YOUR ASSIGNMENT:
An acceptable response holds only the line containing "text \<open>One-sided derivatives" and every line after it to the end of the records, each reproduced exactly.

DATA SECTION:
(* Let $\mathcal{Q}\subseteq\mathcal{P}_Z$ be non-empty and, for each $\mathbb{Q}\in\mathcal{Q}$, let $l_{\mathbb{Q}}:\mathbb{R}\to\mathbb{R}$ satisfy: (l1) each $l_{\mathbb{Q}}$ is increasing and convex with $\lim_{x\to\pm\infty}(l_{\mathbb{Q}}(x)-x)=+\infty$; (l2) $\sup_{\mathbb{Q}\in\mathcal{Q}}\mathbb{E}^{\mathbb{Q}}l_{\mathbb{Q}}(\varphi(Z))<\infty$ for some increasing function $\varphi:[1,\infty)\to\mathbb{R}$ with $\lim_{x\to\infty}\varphi(x)/x=+\infty$; (l3) $l^*_{\mathbb{Q}}(1)=0$ for all $\mathbb{Q}\in\mathcal{Q}$, where $l^*_{\mathbb{Q}}(y)=\sup_{x\in\mathbb{R}}(xy-l_{\mathbb{Q}}(x))$. For $X\in B_Z$ let $\rho_{\mathbb{Q}}(X)=\inf_{s\in\mathbb{R}}(\mathbb{E}^{\mathbb{Q}}l_{\mathbb{Q}}(s-X)-s)$. Then for every $\mathbb{Q}\in\mathcal{Q}$, $\rho_{\mathbb{Q}}$ is a real-valued convex risk measure on $B_Z$ with $\rho_{\mathbb{Q}}(0)=0$ and $$\rho_{\mathbb{Q}}(X)=\max_{\mathbb{P}\in\mathcal{P}_Z,\,\mathbb{P}\ll\mathbb{Q}}\Big(\mathbb{E}^{\mathbb{P}}[-X]-\mathbb{E}^{\mathbb{Q}}\Big[l^*_{\mathbb{Q}}\Big(\frac{d\mathbb{P}}{d\mathbb{Q}}\Big)\Big]\Big),\quad X\in B_Z.$$ Moreover, the set $A=\bigcap_{\mathbb{Q}\in\mathcal{Q}}\{X\in B_Z:\rho_{\mathbb{Q}}(X)\le0\}+B^+$ is of the form $A=\{X\in B_Z:\mathbb{E}^{\mathbb{P}}X+\alpha(\mathbb{P})\ge0\text{ for all }\mathbb{P}\in\mathcal{P}_Z\}+B^+$ for a mapping $\alpha:\mathcal{P}_Z\to\mathbb{R}_+\cup\{+\infty\}$ satisfying (A1) $\inf_{\mathbb{P}\in\mathcal{P}_Z}\alpha(\mathbb{P})=0$ and (A2) $\alpha(\mathbb{P})\ge\mathbb{E}^{\mathbb{P}}\beta(Z)$ for all $\mathbb{P}\in\mathcal{P}_Z$ for some increasing $\beta:[1,\infty)\to\mathbb{R}$ with $\lim_{x\to\infty}\beta(x)/x=+\infty$.
   Context: Fix integers $J\ge0$, $T\ge1$. $\Omega$ is a non-empty subset of $((0,\infty)\times\mathbb{R}^J)^T$ with the Euclidean metric. $B$ is the space of Borel functions $X:\Omega\to\mathbb{R}$, $B^+=\{X\in B:X\ge0\}$. $Z:\Omega\to[1,\infty)$ is continuous with $\{Z\le z\}$ compact for all $z\in\mathbb{R}_+$. $B_Z=\{X\in B:X/Z\text{ bounded}\}$, and $\mathcal{P}_Z$ is the set of Borel probability measures $\mathbb{P}$ on $\Omega$ with $\mathbb{E}^{\mathbb{P}}Z<\infty$. "Increasing" means $f(x)\ge f(y)$ for $x\ge y$. A convex risk measure on $B_Z$ is a map $\rho:B_Z\to\mathbb{R}$ that is decreasing ($\rho(X)\le\rho(Y)$ if $X\ge Y$), convex, and satisfies $\rho(X+m)=\rho(X)-m$ for $m\in\mathbb{R}$. Sums of sets are Minkowski sums; $x+(+\infty)=+\infty$. *)

theory Defs
  imports "HOL-Probability.Probability"
begin

text \<open>Borel functions on \<Omega> (w.r.t. the Borel sigma-algebra of the subspace \<Omega>).
  Values outside \<Omega> are irrelevant and unconstrained.\<close>
definition Bfun :: "'a::topological_space set \<Rightarrow> ('a \<Rightarrow> real) set" where
  "Bfun \<Omega> = borel_measurable (restrict_space borel \<Omega>)"

definition BZ :: "'a::topological_space set \<Rightarrow> ('a \<Rightarrow> real) \<Rightarrow> ('a \<Rightarrow> real) set" where
  "BZ \<Omega> Z = {X \<in> Bfun \<Omega>. \<exists>c. \<forall>\<omega>\<in>\<Omega>. \<bar>X \<omega> / Z \<omega>\<bar> \<le> c}"

definition Bplus :: "'a::topological_space set \<Rightarrow> ('a \<Rightarrow> real) set" where
  "Bplus \<Omega> = {X \<in> Bfun \<Omega>. \<forall>\<omega>\<in>\<Omega>. 0 \<le> X \<omega>}"

definition PZ :: "'a::topological_space set \<Rightarrow> ('a \<Rightarrow> real) \<Rightarrow> 'a measure set" where
  "PZ \<Omega> Z = {P. prob_space P \<and> sets P = sets (restrict_space borel \<Omega>) \<and> integrable P Z}"

text \<open>Extended-real expectation: positive part minus negative part
  (used only for functions whose negative part has finite integral).\<close>
definition eexp :: "'a measure \<Rightarrow> ('a \<Rightarrow> ereal) \<Rightarrow> ereal" where
  "eexp M f = enn2ereal (\<integral>\<^sup>+x. e2ennreal (f x) \<partial>M) - enn2ereal (\<integral>\<^sup>+x. e2ennreal (- f x) \<partial>M)"

definition conj_fn :: "(real \<Rightarrow> real) \<Rightarrow> real \<Rightarrow> ereal" where
  "conj_fn l y = (SUP x. ereal (x * y - l x))"

definition rho :: "'a measure \<Rightarrow> (real \<Rightarrow> real) \<Rightarrow> ('a \<Rightarrow> real) \<Rightarrow> ereal" where
  "rho Q l X = (INF s. eexp Q (\<lambda>\<omega>. ereal (l (s - X \<omega>))) - ereal s)"

definition convex_risk_measure :: "'a set \<Rightarrow> ('a \<Rightarrow> real) set \<Rightarrow> (('a \<Rightarrow> real) \<Rightarrow> real) \<Rightarrow> bool" where
  "convex_risk_measure \<Omega> D \<rho> \<longleftrightarrow>
     (\<forall>X\<in>D. \<forall>Y\<in>D. (\<forall>\<omega>\<in>\<Omega>. Y \<omega> \<le> X \<omega>) \<longrightarrow> \<rho> X \<le> \<rho> Y) \<and>
     (\<forall>X\<in>D. \<forall>Y\<in>D. \<forall>t::real. 0 \<le> t \<and> t \<le> 1 \<longrightarrow>
        \<rho> (\<lambda>\<omega>. t * X \<omega> + (1 - t) * Y \<omega>) \<le> t * \<rho> X + (1 - t) * \<rho> Y) \<and>
     (\<forall>X\<in>D. \<forall>m::real. \<rho> (\<lambda>\<omega>. X \<omega> + m) = \<rho> X - m)"

definition msum :: "('a \<Rightarrow> real) set \<Rightarrow> ('a \<Rightarrow> real) set \<Rightarrow> ('a \<Rightarrow> real) set" where
  "msum S T = {(\<lambda>\<omega>. X \<omega> + Y \<omega>) | X Y. X \<in> S \<and> Y \<in> T}"

end

theory Submission
  imports Defs
begin

text \<open>
  The objective s \<mapsto> E_Q l(s - X) - s is convex, and since l(x) - x grows at least
  linearly at both ends it is coercive; hence it attains its infimum at some s0 and
  rho_Q(X) is finite. Minimality of s0 says that the right derivative of l at s0 - X has
  Q-expectation at least 1 and the left derivative at most 1, so a convex combination D of the
  two is a probability density with D(\<omega>) a subgradient of l at s0 - X(\<omega>). For such D the
  Fenchel-Young inequality is an equality, l*(D) = (s0 - X) D - l(s0 - X), so P = D Q attains
  the dual representation, whereas Fenchel-Young at an arbitrary s bounds the dual value of every
  other P by the objective at s. The superlinear growth of \<phi> in (l2) makes E_P Z finite.

  For the acceptance set, \<alpha>(P) is the infimum of E_Q l*(dP/dQ) over those Q with P \<ll> Q;
  Fenchel-Young at x = \<phi>(Z) together with (l2) gives \<alpha>(P) \<ge> E_P \<phi>(Z) - C.
\<close>

section \<open>Slopes and one-sided derivatives of convex functions\<close>

definition slope :: "(real \<Rightarrow> real) \<Rightarrow> real \<Rightarrow> real \<Rightarrow> real" where
  "slope f x y = (f y - f x) / (y - x)"

lemma slope_swap: "slope f x y = (f x - f y) / (x - y)"
  unfolding slope_def by (metis minus_diff_eq minus_divide_divide)

lemma convex_on_slope_mono:
  fixes f :: "real \<Rightarrow> real"
  assumes f: "convex_on UNIV f" and "x < y" "u < v" "x \<le> u" "y \<le> v"
  shows "slope f x y \<le> slope f u v"
proof -
  have "slope f x y \<le> slope f x v"
  proof (cases "y = v")
    case False
    then show ?thesis
      using convex_on_slope_le(1)[OF f _ _, of x v y] assms by (simp add: slope_swap)
  qed simp
  also have "\<dots> \<le> slope f u v"
  proof (cases "x = u")
    case False
    then show ?thesis
      using convex_on_slope_le(2)[OF f _ _, of x v u] assms by (simp add: slope_swap)
  qed simp
  finally show ?thesis .
qed

lemma mono_slope_nonneg: "mono f \<Longrightarrow> x < y \<Longrightarrow> 0 \<le> slope f x y"
  unfolding slope_def by (simp add: mono_def)

lemma slope_ge_iff: "x < y \<Longrightarrow> g \<le> slope f x y \<longleftrightarrow> g * (y - x) \<le> f y - f x"
  unfolding slope_def by (simp add: pos_le_divide_eq)

lemma slope_le_iff: "x < y \<Longrightarrow> slope f x y \<le> g \<longleftrightarrow> f y - f x \<le> g * (y - x)"
  unfolding slope_def by (simp add: pos_divide_le_eq)

text \<open>One-sided derivatives are taken as limits along h = 1/(n+1): the dominated convergence
  argument for E_Q l(s - X) needs sequences.\<close>

definition right_deriv :: "(real \<Rightarrow> real) \<Rightarrow> real \<Rightarrow> real" where
  "right_deriv f a = lim (\<lambda>n. slope f a (a + 1 / Suc n))"

definition left_deriv :: "(real \<Rightarrow> real) \<Rightarrow> real \<Rightarrow> real" where
  "left_deriv f a = lim (\<lambda>n. slope f (a - 1 / Suc n) a)"

lemma eventually_inverse_Suc_le:
  assumes "0 < h" shows "eventually (\<lambda>n. 1 / real (Suc n) \<le> h) sequentially"
  using order_tendstoD(2)[OF LIMSEQ_inverse_real_of_nat assms]
  by eventually_elim (simp add: inverse_eq_divide)

definition is_subgradient :: "(real \<Rightarrow> real) \<Rightarrow> real \<Rightarrow> real \<Rightarrow> bool" where
  "is_subgradient f a g \<longleftrightarrow> (\<forall>b. f a + g * (b - a) \<le> f b)"

context
  fixes f :: "real \<Rightarrow> real"
  assumes f: "convex_on UNIV f"
begin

SOLUTION:
text \<open>One-sided derivatives are taken as limits along h = 1/(n+1): the dominated convergence
  argument for E_Q l(s - X) needs sequences.\<close>

definition right_deriv :: "(real \<Rightarrow> real) \<Rightarrow> real \<Rightarrow> real" where
  "right_deriv f a = lim (\<lambda>n. slope f a (a + 1 / Suc n))"

definition left_deriv :: "(real \<Rightarrow> real) \<Rightarrow> real \<Rightarrow> real" where
  "left_deriv f a = lim (\<lambda>n. slope f (a - 1 / Suc n) a)"

lemma eventually_inverse_Suc_le:
  assumes "0 < h" shows "eventually (\<lambda>n. 1 / real (Suc n) \<le> h) sequentially"
  using order_tendstoD(2)[OF LIMSEQ_inverse_real_of_nat assms]
  by eventually_elim (simp add: inverse_eq_divide)

definition is_subgradient :: "(real \<Rightarrow> real) \<Rightarrow> real \<Rightarrow> real \<Rightarrow> bool" where
  "is_subgradient f a g \<longleftrightarrow> (\<forall>b. f a + g * (b - a) \<le> f b)"

context
  fixes f :: "real \<Rightarrow> real"
  assumes f: "convex_on UNIV f"
begin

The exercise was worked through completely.